- **Exercise aim**: From the entries below, output the line with "Np S \<longleftrightarrow>" and each following line up to and including the line with "(t - s))))) \<and>", exactly as written.

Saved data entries
[Start of Attachment]

(* Let $(M,g)$ be a spacetime and let $\gamma$ be the worldline of an arbitrarily accelerated observer $\mathcal O$ (with arbitrarily rotating spatial triad). Let $e_a$ be the proper reference frame of $\mathcal O$, and take $e_a$ as the teleparallel frame. Then the gravitational energy-momentum density and the angular momentum density vanish along $\gamma$: $t^{\mu a}|_\gamma=0$ and $M^{ab}|_\gamma=0$.
   Context: Signature $(+,-,-,-)$. A tetrad $e_a=e_a{}^\mu\partial_\mu$ with coframe $\theta^a=e^a{}_\mu dx^\mu$ satisfies $g_{\mu\nu}=\eta_{ab}e^a{}_\mu e^b{}_\nu$; indices are converted with the tetrad and raised/lowered with $\eta_{ab}$ or $g_{\mu\nu}$; $e=\det(e^a{}_\mu)$. The proper reference frame of $\mathcal O$: along $\gamma$, $e_{(0)}$ is the observer's 4-velocity and $e_{(i)}$ its spatial triad; the frame is extended off $\gamma$ by parallel transport (Levi-Civita connection) along the spacelike geodesics orthogonal to $e_{(0)}$, i.e. it is the tetrad adapted to the observer's proper (Fermi-type) coordinates, so that along $\gamma$ the Levi-Civita spin connection is $\mathring\omega^a{}_{bc}|_\gamma=\delta^{(0)}_b\big(a^a\delta^{(0)}_c-a_c\delta^a_{(0)}+\omega^d\varepsilon_{(0)dec}\eta^{ea}\big)$ with $a^a$ the acceleration and $\omega^d$ the triad rotation. Taking $e_a$ as teleparallel frame means the torsion is $T^a{}_{\mu\nu}=\partial_\mu e^a{}_\nu-\partial_\nu e^a{}_\mu$. Define $T_a=T^b{}_{ba}$, $\Sigma^{\lambda\mu\nu}=\tfrac14\big(T^{\lambda\mu\nu}+T^{\mu\lambda\nu}-T^{\nu\lambda\mu}\big)+\tfrac12\big(g^{\lambda\nu}T^{\mu}-g^{\lambda\mu}T^{\nu}\big)$, $T=\Sigma^{abc}T_{abc}$, $t^{\mu a}=k\big(4\Sigma^{bc\mu}T_{bc}{}^{a}-e^{a\mu}T\big)$, and $M^{ab}=-4ke\big(\Sigma^{a0b}-\Sigma^{b0a}\big)$, with $k=1/(16\pi)$. *)

theory Defs
  imports "HOL-Analysis.Analysis"
begin

(* Coordinates x^mu on a chart of spacetime: points are real^4, indices (coordinate
   as well as frame indices) range over the numeral type 4 = {0,1,2,3}.
   A tetrad field is given by its coframe matrix  C x $ a $ mu = e^a_mu(x). *)

type_synonym pt = "real^4"
type_synonym coframe = "pt \<Rightarrow> real^4^4"

definition eta :: "4 \<Rightarrow> 4 \<Rightarrow> real" where
  "eta a b = (if a = b then (if a = 0 then 1 else -1) else 0)"

definition etaM :: "real^4^4" where
  "etaM = (\<chi> a b. eta a b)"

definition kappa :: real where
  "kappa = 1 / (16 * pi)"

definition pd :: "4 \<Rightarrow> (pt \<Rightarrow> real) \<Rightarrow> pt \<Rightarrow> real" where
  "pd i f x = deriv (\<lambda>t. f (x + t *\<^sub>R axis i 1)) 0"

definition metric :: "coframe \<Rightarrow> pt \<Rightarrow> real^4^4" where
  "metric C x = transpose (C x) ** etaM ** C x"

definition ginv :: "coframe \<Rightarrow> pt \<Rightarrow> real^4^4" where
  "ginv C x = matrix_inv (metric C x)"

(* frame e_a^mu = frame C x $ mu $ a  (inverse of the coframe matrix) *)
definition frame :: "coframe \<Rightarrow> pt \<Rightarrow> real^4^4" where
  "frame C x = matrix_inv (C x)"

definition frameUp :: "coframe \<Rightarrow> pt \<Rightarrow> 4 \<Rightarrow> 4 \<Rightarrow> real" where
  "frameUp C x a mu = (\<Sum>b\<in>UNIV. eta a b * frame C x $ mu $ b)"

definition christ :: "coframe \<Rightarrow> pt \<Rightarrow> 4 \<Rightarrow> 4 \<Rightarrow> 4 \<Rightarrow> real" where
  "christ C x mu nu lam = (1/2) * (\<Sum>rho\<in>UNIV. ginv C x $ mu $ rho *
      (pd nu (\<lambda>y. metric C y $ rho $ lam) x + pd lam (\<lambda>y. metric C y $ rho $ nu) x
       - pd rho (\<lambda>y. metric C y $ nu $ lam) x))"

definition torF :: "coframe \<Rightarrow> pt \<Rightarrow> 4 \<Rightarrow> 4 \<Rightarrow> 4 \<Rightarrow> real" where
  "torF C x a mu nu = pd mu (\<lambda>y. C y $ a $ nu) x - pd nu (\<lambda>y. C y $ a $ mu) x"
(* Let $a_{ij}\ge 0$ for $1\le i\ne j\le N$ with $a_{ij}=a_{ji}$, and let $L$ be the matrix with $L_{ii}=\sum_{j\ne i}a_{ij}$, $L_{ij}=-a_{ij}$ ($i\ne j$); assume $L$ is symmetric and connected (irreducible), and let $\lambda_2$ be its second smallest eigenvalue. Let $\mathbf S(t)$ be the stochastic consensus model: independent Poisson processes $N^{ij}$ of rate $a_{ij}$, and $\mathrm dS_i=\sum_{j\ne i}(S_j-S_i)\,\mathrm dN^{ij}$. With $V(\mathbf S)=\frac1N\sum_{i=1}^N|S_i-\bar S|^2$, $\bar S=\frac1N\sum_iS_i$, we have for all $t\ge0$ $$\mathbb E[V(\mathbf S(t))]\le e^{-\lambda_2 t/N}\,\mathbb E[V(\mathbf S(0))].$$
   Context: Connected (irreducible) means: for every $i\ne j$ there is a sequence $i=q_1,\dots,q_k=j$ with $a_{q_lq_{l+1}}>0$ for all $l$. *)

theory Defs
  imports "HOL-Probability.Probability" "HOL-Computational_Algebra.Polynomial"
begin

text \<open>Agents are indexed by a finite type 'n, so N = CARD('n).
  Only the off-diagonal weights a i j (i different from j) are used.\<close>

definition laplacian :: "('n::finite \<Rightarrow> 'n \<Rightarrow> real) \<Rightarrow> real^'n^'n" where
  "laplacian a = (\<chi> i j. if i = j then (\<Sum>k\<in>UNIV - {i}. a i k) else - a i j)"

definition weights_connected :: "('n::finite \<Rightarrow> 'n \<Rightarrow> real) \<Rightarrow> bool" where
  "weights_connected a \<longleftrightarrow>
     (\<forall>i j. i \<noteq> j \<longrightarrow> (\<exists>qs. qs \<noteq> [] \<and> hd qs = i \<and> last qs = j \<and>
        (\<forall>l. Suc l < length qs \<longrightarrow> qs ! l \<noteq> qs ! Suc l \<and> a (qs ! l) (qs ! Suc l) > 0)))"

definition charpoly :: "real^'n^'n \<Rightarrow> real poly" where
  "charpoly A = det (\<chi> i j. (if i = j then [:0, 1:] else 0) - [:A $ i $ j:])"

definition eig_count :: "real^'n^'n \<Rightarrow> real \<Rightarrow> nat" where
  "eig_count A x = (\<Sum>\<mu>\<in>{\<mu>. poly (charpoly A) \<mu> = 0 \<and> \<mu> \<le> x}. order \<mu> (charpoly A))"

text \<open>k-th smallest eigenvalue (with multiplicity), k = 1, 2, ...\<close>
definition kth_eigenvalue :: "real^'n^'n \<Rightarrow> nat \<Rightarrow> real" where
  "kth_eigenvalue A k = (LEAST x. k \<le> eig_count A x)"

definition left_lim :: "(real \<Rightarrow> real) \<Rightarrow> real \<Rightarrow> real" where
  "left_lim f s = Lim (at_left s) f"

definition jump_times :: "(real \<Rightarrow> nat) \<Rightarrow> real \<Rightarrow> real set" where
  "jump_times n t = {s \<in> {0<..t}. real (n s) \<noteq> left_lim (\<lambda>u. real (n u)) s}"

text \<open>Independence of the processes and of their increments is expressed by
  mutual independence of all increments over any finite time grid 0 = t_0 <= ... <= t_k
  (together with S 0).\<close>
definition off_diag :: "('n \<times> 'n) set" where
  "off_diag = {(i, j). i \<noteq> j}"

definition poisson_clocks ::
  "'a measure \<Rightarrow> ('n::finite \<Rightarrow> 'n \<Rightarrow> real) \<Rightarrow> ('n \<times> 'n \<Rightarrow> real \<Rightarrow> 'a \<Rightarrow> nat)
     \<Rightarrow> (real \<Rightarrow> 'a \<Rightarrow> 'n \<Rightarrow> real) \<Rightarrow> bool" where
  "poisson_clocks M a Np S \<longleftrightarrow>
     (\<forall>p\<in>off_diag. \<forall>t\<ge>0. Np p t \<in> measurable M (count_space UNIV)) \<and>
     (\<forall>p\<in>off_diag. \<forall>\<omega>\<in>space M. Np p 0 \<omega> = 0 \<and>
        mono_on {0..} (\<lambda>t. Np p t \<omega>) \<and>
        (\<forall>t\<ge>0. continuous (at_right t) (\<lambda>s. real (Np p s \<omega>)))) \<and>
     (\<forall>p\<in>off_diag. \<forall>s t k. 0 \<le> s \<longrightarrow> s \<le> t \<longrightarrow>
        measure M {\<omega>\<in>space M. Np p t \<omega> - Np p s \<omega> = k}
          = (case p of (i, j) \<Rightarrow> (a i j * (t - s)) ^ k / fact k * exp (- (a i j * (t - s))))) \<and>
     (\<forall>(tt :: nat \<Rightarrow> real) k. tt 0 = 0 \<and> (\<forall>m<k. tt m \<le> tt (Suc m)) \<longrightarrow>
        prob_space.indep_sets M
          (\<lambda>x. case x of
               None \<Rightarrow> {(\<lambda>\<omega>. S 0 \<omega>) -` A \<inter> space M | A. A \<in> sets (Pi\<^sub>M UNIV (\<lambda>_. borel))}
             | Some (p, m) \<Rightarrow> {(\<lambda>\<omega>. Np p (tt (Suc m)) \<omega> - Np p (tt m) \<omega>) -` A \<inter> space M
                                  | A. A \<in> sets (count_space UNIV)})
          (insert None (Some ` (off_diag \<times> {..<k}))))"
text \<open>An \<open>r\<close>-dimensional subspace of \<open>\<complex>\<^sup>d\<close> is the column space of a \<open>d \<times> r\<close>
isometry \<open>W\<close> (\<open>W\<^sup>* W = 1\<close>), the rank-\<open>r\<close> orthogonal projections are exactly the matrices
\<open>W W\<^sup>*\<close>, and two such column spaces are orthogonal iff \<open>W\<^sub>u\<^sup>* W\<^sub>v = 0\<close>.  Hence a faithful
\<open>(d;r)\<close> representation of \<open>G\<close> yields a \<open>d/r\<close>-representation of the complement, which
gives one inequality.  Conversely, a \<open>d/r\<close>-representation of the complement is a
representation of \<open>G\<close> by isometries that is orthogonal on non-edges but possibly not
faithful.  The block-diagonal sum of \<open>k\<close> copies of it and one faithful \<open>(m;1)\<close>
representation is a faithful \<open>(kd+m; kr+1)\<close> representation, and
\<open>(kd+m)/(kr+1) \<rightarrow> d/r\<close> as \<open>k \<rightarrow> \<infinity>\<close>.\<close>

section \<open>The conjugate transpose\<close>

lemma mat_adjoint_dim [simp]:
  "dim_row (mat_adjoint A) = dim_col A" "dim_col (mat_adjoint A) = dim_row A"
  unfolding mat_adjoint_def by auto

lemma index_mat_adjoint [simp]:
  "i < dim_col A \<Longrightarrow> j < dim_row A \<Longrightarrow> mat_adjoint A $$ (i, j) = conjugate (A $$ (j, i))"
  unfolding mat_adjoint_def by (auto simp: mat_of_rows_def)

lemma mat_adjoint_carrier [simp, intro]: "A \<in> carrier_mat m n \<Longrightarrow> mat_adjoint A \<in> carrier_mat n m"
  by auto

lemma mat_adjoint_adjoint [simp]: "mat_adjoint (mat_adjoint (A :: complex mat)) = A"
  by (rule eq_matI) auto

[End of Attachment]

- **Response area**:
  "poisson_clocks M a Np S \<longleftrightarrow>
     (\<forall>p\<in>off_diag. \<forall>t\<ge>0. Np p t \<in> measurable M (count_space UNIV)) \<and>
     (\<forall>p\<in>off_diag. \<forall>\<omega>\<in>space M. Np p 0 \<omega> = 0 \<and>
        mono_on {0..} (\<lambda>t. Np p t \<omega>) \<and>
        (\<forall>t\<ge>0. continuous (at_right t) (\<lambda>s. real (Np p s \<omega>)))) \<and>
     (\<forall>p\<in>off_diag. \<forall>s t k. 0 \<le> s \<longrightarrow> s \<le> t \<longrightarrow>
        measure M {\<omega>\<in>space M. Np p t \<omega> - Np p s \<omega> = k}
          = (case p of (i, j) \<Rightarrow> (a i j * (t - s)) ^ k / fact k * exp (- (a i j * (t - s))))) \<and>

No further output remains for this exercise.